_Problem requirements_.
Check every line of the data below for the word "lemma". Copy the ones that have it.

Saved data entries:
··········

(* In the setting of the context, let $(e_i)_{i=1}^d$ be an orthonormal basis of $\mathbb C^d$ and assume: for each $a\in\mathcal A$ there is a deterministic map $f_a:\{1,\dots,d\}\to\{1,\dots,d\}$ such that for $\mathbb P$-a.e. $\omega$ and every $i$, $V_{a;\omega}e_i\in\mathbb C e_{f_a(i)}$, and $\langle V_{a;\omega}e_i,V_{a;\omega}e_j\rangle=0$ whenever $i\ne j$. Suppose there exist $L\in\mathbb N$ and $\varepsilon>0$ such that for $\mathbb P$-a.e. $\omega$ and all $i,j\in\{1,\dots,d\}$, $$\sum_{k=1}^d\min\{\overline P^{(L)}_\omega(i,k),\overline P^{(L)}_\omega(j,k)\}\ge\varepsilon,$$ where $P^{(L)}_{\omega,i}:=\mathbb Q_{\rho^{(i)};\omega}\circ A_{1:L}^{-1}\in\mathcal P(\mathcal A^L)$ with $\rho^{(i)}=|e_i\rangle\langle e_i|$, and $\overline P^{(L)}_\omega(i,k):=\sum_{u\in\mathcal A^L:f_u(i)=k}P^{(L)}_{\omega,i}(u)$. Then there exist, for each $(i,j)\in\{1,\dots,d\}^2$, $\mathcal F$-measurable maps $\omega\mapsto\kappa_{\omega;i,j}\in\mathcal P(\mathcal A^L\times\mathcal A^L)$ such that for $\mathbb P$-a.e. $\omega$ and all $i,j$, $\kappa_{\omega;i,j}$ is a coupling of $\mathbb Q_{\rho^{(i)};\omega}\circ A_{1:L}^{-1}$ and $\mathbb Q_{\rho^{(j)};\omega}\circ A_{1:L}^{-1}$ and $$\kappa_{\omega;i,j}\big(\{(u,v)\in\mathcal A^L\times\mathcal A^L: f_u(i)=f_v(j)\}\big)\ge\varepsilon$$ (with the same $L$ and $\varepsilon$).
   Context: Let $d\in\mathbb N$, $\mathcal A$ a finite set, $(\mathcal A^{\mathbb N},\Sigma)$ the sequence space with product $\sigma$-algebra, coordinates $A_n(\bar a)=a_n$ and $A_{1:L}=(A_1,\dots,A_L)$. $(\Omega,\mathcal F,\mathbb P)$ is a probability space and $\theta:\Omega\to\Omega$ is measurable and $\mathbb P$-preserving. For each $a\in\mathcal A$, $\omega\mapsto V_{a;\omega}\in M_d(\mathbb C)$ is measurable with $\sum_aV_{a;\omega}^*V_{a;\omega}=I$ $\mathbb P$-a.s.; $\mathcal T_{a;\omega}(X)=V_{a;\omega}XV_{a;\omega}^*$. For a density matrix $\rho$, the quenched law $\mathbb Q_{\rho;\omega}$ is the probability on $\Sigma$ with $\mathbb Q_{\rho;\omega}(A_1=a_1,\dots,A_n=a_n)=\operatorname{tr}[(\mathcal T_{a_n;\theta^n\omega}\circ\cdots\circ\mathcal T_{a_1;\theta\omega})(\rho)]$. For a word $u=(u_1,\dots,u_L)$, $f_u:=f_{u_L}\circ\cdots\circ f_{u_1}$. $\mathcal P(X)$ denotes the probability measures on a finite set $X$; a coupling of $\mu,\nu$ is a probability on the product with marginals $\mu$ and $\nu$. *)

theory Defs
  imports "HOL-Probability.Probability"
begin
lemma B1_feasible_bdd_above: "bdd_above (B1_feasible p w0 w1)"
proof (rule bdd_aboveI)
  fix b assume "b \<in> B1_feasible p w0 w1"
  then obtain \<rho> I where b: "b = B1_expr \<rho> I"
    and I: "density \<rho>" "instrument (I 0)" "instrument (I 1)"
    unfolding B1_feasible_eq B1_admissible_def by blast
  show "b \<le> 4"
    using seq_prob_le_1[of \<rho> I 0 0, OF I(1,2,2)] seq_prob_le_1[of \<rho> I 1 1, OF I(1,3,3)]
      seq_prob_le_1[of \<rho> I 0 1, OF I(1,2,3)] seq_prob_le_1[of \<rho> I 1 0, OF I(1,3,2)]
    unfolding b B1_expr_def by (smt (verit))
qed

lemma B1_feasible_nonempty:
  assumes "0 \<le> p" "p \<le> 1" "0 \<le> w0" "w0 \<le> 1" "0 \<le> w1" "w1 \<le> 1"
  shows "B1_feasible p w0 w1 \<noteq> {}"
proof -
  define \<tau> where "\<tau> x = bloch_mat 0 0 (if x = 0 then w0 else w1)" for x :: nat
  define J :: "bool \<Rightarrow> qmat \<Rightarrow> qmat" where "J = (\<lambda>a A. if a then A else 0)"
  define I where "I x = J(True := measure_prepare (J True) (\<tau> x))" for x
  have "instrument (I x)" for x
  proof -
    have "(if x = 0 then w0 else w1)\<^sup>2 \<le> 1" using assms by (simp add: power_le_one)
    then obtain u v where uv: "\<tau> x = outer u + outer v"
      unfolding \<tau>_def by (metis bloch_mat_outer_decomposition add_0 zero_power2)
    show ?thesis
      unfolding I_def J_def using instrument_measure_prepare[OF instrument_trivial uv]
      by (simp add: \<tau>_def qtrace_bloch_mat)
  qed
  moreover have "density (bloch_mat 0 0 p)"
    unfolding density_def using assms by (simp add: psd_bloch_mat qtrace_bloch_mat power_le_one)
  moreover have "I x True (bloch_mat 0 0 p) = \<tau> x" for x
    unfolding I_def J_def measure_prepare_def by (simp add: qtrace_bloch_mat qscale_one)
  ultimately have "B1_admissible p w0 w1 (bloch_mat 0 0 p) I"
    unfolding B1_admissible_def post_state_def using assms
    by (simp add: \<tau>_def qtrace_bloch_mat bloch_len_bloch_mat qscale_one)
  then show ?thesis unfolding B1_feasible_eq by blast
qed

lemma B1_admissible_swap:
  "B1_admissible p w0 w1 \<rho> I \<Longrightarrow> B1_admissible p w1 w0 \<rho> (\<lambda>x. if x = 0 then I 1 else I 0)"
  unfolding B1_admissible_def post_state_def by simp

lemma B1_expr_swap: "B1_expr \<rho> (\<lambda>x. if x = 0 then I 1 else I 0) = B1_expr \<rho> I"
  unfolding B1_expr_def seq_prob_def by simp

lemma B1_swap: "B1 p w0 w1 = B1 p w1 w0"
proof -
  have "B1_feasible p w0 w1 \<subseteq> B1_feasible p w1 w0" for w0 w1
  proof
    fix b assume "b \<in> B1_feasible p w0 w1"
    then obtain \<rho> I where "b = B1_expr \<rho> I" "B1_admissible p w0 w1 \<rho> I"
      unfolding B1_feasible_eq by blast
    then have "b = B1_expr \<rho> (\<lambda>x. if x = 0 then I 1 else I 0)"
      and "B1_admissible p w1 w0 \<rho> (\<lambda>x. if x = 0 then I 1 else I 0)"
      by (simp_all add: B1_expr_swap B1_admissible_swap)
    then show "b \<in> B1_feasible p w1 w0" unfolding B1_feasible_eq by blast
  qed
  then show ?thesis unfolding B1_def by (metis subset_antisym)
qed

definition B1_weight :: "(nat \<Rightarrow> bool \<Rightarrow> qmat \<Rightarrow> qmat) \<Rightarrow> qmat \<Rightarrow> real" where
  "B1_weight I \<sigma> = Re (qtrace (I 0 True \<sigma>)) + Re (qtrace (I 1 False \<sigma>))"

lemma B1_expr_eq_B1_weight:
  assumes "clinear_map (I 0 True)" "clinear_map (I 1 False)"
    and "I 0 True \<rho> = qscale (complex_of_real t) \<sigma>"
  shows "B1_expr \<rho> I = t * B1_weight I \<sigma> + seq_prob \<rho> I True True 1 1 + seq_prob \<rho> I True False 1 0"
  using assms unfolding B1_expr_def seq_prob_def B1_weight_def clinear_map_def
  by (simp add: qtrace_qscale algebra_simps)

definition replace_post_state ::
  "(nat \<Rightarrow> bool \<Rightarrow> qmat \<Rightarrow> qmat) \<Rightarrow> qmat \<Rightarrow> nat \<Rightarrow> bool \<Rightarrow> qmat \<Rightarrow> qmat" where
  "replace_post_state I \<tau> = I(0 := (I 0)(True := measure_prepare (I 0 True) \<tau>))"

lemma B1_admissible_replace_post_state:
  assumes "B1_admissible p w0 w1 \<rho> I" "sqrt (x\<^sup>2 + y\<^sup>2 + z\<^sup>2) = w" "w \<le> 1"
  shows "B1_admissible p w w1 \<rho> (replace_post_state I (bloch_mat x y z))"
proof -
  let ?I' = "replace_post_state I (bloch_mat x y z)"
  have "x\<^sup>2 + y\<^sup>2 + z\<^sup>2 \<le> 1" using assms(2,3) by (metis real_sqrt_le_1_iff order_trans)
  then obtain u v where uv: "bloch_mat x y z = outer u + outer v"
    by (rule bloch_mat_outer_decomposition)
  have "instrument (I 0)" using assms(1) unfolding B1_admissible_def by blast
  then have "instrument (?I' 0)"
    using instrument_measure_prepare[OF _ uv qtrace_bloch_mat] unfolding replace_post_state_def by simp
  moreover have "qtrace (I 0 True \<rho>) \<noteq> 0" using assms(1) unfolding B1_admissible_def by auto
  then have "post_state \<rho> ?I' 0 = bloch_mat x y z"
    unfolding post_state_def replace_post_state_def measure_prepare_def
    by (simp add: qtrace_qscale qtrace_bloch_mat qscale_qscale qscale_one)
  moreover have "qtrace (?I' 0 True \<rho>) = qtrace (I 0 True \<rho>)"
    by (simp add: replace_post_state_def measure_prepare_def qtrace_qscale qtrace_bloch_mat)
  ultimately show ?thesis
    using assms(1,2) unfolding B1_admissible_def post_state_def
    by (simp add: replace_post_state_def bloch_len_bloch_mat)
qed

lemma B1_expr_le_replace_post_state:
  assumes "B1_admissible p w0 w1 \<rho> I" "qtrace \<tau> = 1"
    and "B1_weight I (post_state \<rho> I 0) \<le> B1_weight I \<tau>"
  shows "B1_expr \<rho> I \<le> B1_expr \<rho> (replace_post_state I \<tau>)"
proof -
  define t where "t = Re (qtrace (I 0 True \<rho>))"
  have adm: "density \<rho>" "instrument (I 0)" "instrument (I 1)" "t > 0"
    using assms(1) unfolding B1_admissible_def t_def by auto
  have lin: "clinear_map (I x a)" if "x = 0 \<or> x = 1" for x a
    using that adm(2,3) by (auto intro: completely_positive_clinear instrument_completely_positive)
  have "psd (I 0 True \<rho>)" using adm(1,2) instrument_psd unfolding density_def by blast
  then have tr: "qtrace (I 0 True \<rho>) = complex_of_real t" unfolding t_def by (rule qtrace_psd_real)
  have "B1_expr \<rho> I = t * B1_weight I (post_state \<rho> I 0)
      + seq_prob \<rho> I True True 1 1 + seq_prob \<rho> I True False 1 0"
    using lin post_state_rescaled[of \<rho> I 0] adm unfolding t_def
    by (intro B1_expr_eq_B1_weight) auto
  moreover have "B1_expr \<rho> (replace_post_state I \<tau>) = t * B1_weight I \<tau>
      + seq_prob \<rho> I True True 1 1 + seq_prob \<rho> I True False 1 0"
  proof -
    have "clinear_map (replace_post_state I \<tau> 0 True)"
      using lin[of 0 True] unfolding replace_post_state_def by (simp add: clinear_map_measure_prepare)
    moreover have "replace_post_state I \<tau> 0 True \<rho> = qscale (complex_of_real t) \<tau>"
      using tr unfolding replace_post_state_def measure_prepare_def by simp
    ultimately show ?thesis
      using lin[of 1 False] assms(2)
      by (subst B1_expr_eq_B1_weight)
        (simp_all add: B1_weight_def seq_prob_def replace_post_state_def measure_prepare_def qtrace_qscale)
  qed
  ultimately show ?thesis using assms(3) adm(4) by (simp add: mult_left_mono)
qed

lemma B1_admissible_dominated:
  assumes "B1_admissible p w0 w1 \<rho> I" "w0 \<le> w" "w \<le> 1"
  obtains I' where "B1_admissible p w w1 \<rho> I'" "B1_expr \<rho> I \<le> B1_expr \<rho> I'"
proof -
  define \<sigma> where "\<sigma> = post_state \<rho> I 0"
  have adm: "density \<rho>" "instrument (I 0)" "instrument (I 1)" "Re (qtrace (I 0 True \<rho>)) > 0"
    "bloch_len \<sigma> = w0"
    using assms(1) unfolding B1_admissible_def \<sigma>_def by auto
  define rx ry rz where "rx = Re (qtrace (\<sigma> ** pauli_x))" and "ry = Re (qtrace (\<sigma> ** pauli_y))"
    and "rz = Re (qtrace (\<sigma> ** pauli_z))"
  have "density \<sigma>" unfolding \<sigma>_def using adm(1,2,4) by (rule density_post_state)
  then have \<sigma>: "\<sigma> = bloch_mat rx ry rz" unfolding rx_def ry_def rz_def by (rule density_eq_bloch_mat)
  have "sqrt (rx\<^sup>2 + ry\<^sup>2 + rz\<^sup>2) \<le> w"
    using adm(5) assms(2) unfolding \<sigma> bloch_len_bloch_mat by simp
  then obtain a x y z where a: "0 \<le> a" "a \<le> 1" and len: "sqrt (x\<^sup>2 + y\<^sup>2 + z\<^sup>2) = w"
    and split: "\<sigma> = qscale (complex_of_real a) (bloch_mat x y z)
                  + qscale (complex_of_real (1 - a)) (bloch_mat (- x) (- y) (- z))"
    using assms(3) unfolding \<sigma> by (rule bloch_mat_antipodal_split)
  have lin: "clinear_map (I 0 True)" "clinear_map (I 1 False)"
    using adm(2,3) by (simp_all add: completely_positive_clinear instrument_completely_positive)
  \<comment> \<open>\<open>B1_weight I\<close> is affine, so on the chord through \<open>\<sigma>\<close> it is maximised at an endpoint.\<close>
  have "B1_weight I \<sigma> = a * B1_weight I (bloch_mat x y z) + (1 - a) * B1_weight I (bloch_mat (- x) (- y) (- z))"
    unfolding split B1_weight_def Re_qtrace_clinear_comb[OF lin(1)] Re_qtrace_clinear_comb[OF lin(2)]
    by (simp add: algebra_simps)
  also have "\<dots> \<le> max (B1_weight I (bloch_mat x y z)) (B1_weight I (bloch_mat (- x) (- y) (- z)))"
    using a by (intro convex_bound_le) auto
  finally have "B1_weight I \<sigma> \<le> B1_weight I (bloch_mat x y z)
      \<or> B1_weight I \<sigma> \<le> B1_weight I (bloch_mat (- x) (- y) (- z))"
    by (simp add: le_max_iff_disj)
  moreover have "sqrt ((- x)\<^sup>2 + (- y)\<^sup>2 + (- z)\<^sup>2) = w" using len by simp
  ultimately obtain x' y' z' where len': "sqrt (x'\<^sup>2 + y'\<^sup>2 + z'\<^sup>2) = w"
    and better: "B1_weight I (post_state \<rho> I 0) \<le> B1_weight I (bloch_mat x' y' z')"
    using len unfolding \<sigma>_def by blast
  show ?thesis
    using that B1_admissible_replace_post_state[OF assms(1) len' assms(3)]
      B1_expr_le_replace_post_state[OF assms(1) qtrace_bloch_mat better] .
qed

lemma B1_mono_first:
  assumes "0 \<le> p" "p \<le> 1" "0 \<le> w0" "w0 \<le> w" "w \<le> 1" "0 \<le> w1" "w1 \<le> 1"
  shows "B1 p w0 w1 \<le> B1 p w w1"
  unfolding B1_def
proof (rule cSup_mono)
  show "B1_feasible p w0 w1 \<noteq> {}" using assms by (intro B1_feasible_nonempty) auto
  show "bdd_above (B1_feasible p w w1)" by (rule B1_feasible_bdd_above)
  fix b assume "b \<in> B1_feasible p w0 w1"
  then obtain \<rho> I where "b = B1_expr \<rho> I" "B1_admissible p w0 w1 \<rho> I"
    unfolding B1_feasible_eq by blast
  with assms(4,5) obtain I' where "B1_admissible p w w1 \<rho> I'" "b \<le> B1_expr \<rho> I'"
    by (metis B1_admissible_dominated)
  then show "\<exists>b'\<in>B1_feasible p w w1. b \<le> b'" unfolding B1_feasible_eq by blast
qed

··········

_Problem solution_.
lemma B1_feasible_bdd_above: "bdd_above (B1_feasible p w0 w1)"
lemma B1_feasible_nonempty:
lemma B1_admissible_swap:
lemma B1_expr_swap: "B1_expr \<rho> (\<lambda>x. if x = 0 then I 1 else I 0) = B1_expr \<rho> I"
lemma B1_swap: "B1 p w0 w1 = B1 p w1 w0"
lemma B1_expr_eq_B1_weight:
lemma B1_admissible_replace_post_state:
lemma B1_expr_le_replace_post_state:
lemma B1_admissible_dominated:
lemma B1_mono_first:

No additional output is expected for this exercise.